▶ YOUR GOAL
Beginning at the line that holds "Context: A Stone", restate each line exactly through the final line of the records. Include both of those lines.

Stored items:
★ ★ ★ ★ ★ ★ ★
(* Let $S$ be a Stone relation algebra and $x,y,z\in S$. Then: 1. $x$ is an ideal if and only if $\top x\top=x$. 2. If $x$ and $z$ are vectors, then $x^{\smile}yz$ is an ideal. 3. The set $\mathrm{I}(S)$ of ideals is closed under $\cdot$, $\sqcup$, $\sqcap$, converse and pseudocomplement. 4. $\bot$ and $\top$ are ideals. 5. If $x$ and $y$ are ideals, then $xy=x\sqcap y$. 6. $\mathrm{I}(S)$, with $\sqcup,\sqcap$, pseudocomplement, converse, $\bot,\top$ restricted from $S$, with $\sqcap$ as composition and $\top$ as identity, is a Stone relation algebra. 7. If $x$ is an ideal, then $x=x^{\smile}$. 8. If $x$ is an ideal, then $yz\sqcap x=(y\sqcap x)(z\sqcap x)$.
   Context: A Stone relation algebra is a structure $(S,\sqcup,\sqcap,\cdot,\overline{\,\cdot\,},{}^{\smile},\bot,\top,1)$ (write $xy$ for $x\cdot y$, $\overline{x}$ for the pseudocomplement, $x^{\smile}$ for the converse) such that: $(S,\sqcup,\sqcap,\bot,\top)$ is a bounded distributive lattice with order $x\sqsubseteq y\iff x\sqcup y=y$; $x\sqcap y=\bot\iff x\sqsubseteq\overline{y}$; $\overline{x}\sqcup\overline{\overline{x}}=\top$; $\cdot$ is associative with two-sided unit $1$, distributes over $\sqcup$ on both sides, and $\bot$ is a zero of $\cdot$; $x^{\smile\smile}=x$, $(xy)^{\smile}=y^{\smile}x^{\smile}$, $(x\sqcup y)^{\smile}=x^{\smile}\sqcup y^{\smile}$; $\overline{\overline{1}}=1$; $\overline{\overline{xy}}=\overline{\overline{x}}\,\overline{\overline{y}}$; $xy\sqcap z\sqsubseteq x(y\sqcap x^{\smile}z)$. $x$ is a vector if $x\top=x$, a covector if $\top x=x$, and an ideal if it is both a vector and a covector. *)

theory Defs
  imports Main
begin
★ ★ ★ ★ ★ ★ ★
▶ REPLY TO THE EXERCISE
   Context: A Stone relation algebra is a structure $(S,\sqcup,\sqcap,\cdot,\overline{\,\cdot\,},{}^{\smile},\bot,\top,1)$ (write $xy$ for $x\cdot y$, $\overline{x}$ for the pseudocomplement, $x^{\smile}$ for the converse) such that: $(S,\sqcup,\sqcap,\bot,\top)$ is a bounded distributive lattice with order $x\sqsubseteq y\iff x\sqcup y=y$; $x\sqcap y=\bot\iff x\sqsubseteq\overline{y}$; $\overline{x}\sqcup\overline{\overline{x}}=\top$; $\cdot$ is associative with two-sided unit $1$, distributes over $\sqcup$ on both sides, and $\bot$ is a zero of $\cdot$; $x^{\smile\smile}=x$, $(xy)^{\smile}=y^{\smile}x^{\smile}$, $(x\sqcup y)^{\smile}=x^{\smile}\sqcup y^{\smile}$; $\overline{\overline{1}}=1$; $\overline{\overline{xy}}=\overline{\overline{x}}\,\overline{\overline{y}}$; $xy\sqcap z\sqsubseteq x(y\sqcap x^{\smile}z)$. $x$ is a vector if $x\top=x$, a covector if $\top x=x$, and an ideal if it is both a vector and a covector. *)

theory Defs
  imports Main
begin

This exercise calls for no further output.